Die lange herbeigesehnte Erholung der globalen Wirtschaftstätigkeit läßt auch weiterhin auf sich warten.
Zwar gibt es immer wieder ermutigende Zahlen, zuletzt hauptsächlich vom US-Arbeits- und Immobillienmarkt, doch vor allem in Europa sieht man weiterhin nur wenig Licht am Ende des Krisen-Tunnels.
Hier war vor allem die Parlamentswahl in Italien, mit dem alles andere als günstigen Ausgang, ein starker Dämpfer und auch die aktuelle Situation in Zypern trägt wohl kaum dazu bei, dass Investoren wieder Vertrauen fassen.

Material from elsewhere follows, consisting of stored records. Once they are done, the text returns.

lemma integral_X_Suc_restrict:
  fixes h :: "'z \<Rightarrow> real"
  assumes A: "A \<in> sets (F t)" and [measurable]: "h \<in> borel_measurable borel"
    and finite: "(\<integral>\<^sup>+x. ennreal \<bar>h x\<bar> \<partial>kpow P (Suc t) z) < \<infinity>"
  shows "integrable M (\<lambda>\<omega>. indicator A \<omega> * (\<integral>x. h x \<partial>P (X t \<omega>)))"
    "(\<integral>\<omega>. indicator A \<omega> * h (X (Suc t) \<omega>) \<partial>M) = (\<integral>\<omega>. indicator A \<omega> * (\<integral>x. h x \<partial>P (X t \<omega>)) \<partial>M)"
proof -
  have [measurable]: "A \<in> sets M" using sets_F_subset[OF A] .
  let ?N = "density M (indicator A)"
  let ?L = "distr ?N borel (X t)"
  have restrict_eq: "?N = density M (\<lambda>\<omega>. ennreal (indicator A \<omega>))"
    by (intro arg_cong[where f="density M"]) (auto simp: fun_eq_iff indicator_def)
  have "(\<integral>\<^sup>+x. ennreal \<bar>h x\<bar> \<partial>(?L \<bind> P)) = (\<integral>\<^sup>+x. ennreal \<bar>h x\<bar> \<partial>distr ?N borel (X (Suc t)))"
    by (simp add: distr_X_Suc_restrict[OF A])
  also have "\<dots> = (\<integral>\<^sup>+\<omega>. indicator A \<omega> * ennreal \<bar>h (X (Suc t) \<omega>)\<bar> \<partial>M)"
    by (simp add: nn_integral_distr nn_integral_density)
  also have "\<dots> \<le> (\<integral>\<^sup>+\<omega>. ennreal \<bar>h (X (Suc t) \<omega>)\<bar> \<partial>M)"
    by (rule nn_integral_mono) (auto simp: indicator_def)
  also have "\<dots> < \<infinity>"
    using finite by (subst nn_integral_X) auto
  finally have "(\<integral>\<^sup>+x. ennreal \<bar>h x\<bar> \<partial>(?L \<bind> P)) < \<infinity>" .
  note bind = integral_bind_kernel[of ?L, OF _ _ this]
  show "integrable M (\<lambda>\<omega>. indicator A \<omega> * (\<integral>x. h x \<partial>P (X t \<omega>)))"
    using bind(1) by (simp add: restrict_eq integrable_distr_eq integrable_density)
  have "(\<integral>\<omega>. indicator A \<omega> * h (X (Suc t) \<omega>) \<partial>M) = (\<integral>x. h x \<partial>distr ?N borel (X (Suc t)))"
    by (simp add: restrict_eq integral_distr integral_density)
  also have "\<dots> = (\<integral>\<omega>. indicator A \<omega> * (\<integral>x. h x \<partial>P (X t \<omega>)) \<partial>M)"
    using distr_X_Suc_restrict[OF A] bind(2)
    by (simp add: restrict_eq integral_distr integral_density)
  finally show "(\<integral>\<omega>. indicator A \<omega> * h (X (Suc t) \<omega>) \<partial>M) = (\<integral>\<omega>. indicator A \<omega> * (\<integral>x. h x \<partial>P (X t \<omega>)) \<partial>M)" .
qed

Inzwischen haben die OPEC, das US-Energieministerium und auch die Internationale Energieagentur in Paris ihre Prognosen zum globalen Ölverbrauch leicht, aber doch einhellig zurückgenommen.

Gleichzeitig ist die Versorgungslage am Ölmarkt so gut wie lange nicht.
Vor allem aus Nicht-OPEC-Ländern werden dank neue Fördertechnologien immer höhere Mengen gemeldet, sodass derzeit durchaus von einem Überangebot gesprochen werden kann.
Sollte Venezuela nach dem Tod des Machthabers Chavez in eine geordnete Demokratie übergeführt werden können, kann aus dem Land mit den größten Ölvorkommen der Welt, mit weiteren bedeutsamen Mengen gerechnet werden.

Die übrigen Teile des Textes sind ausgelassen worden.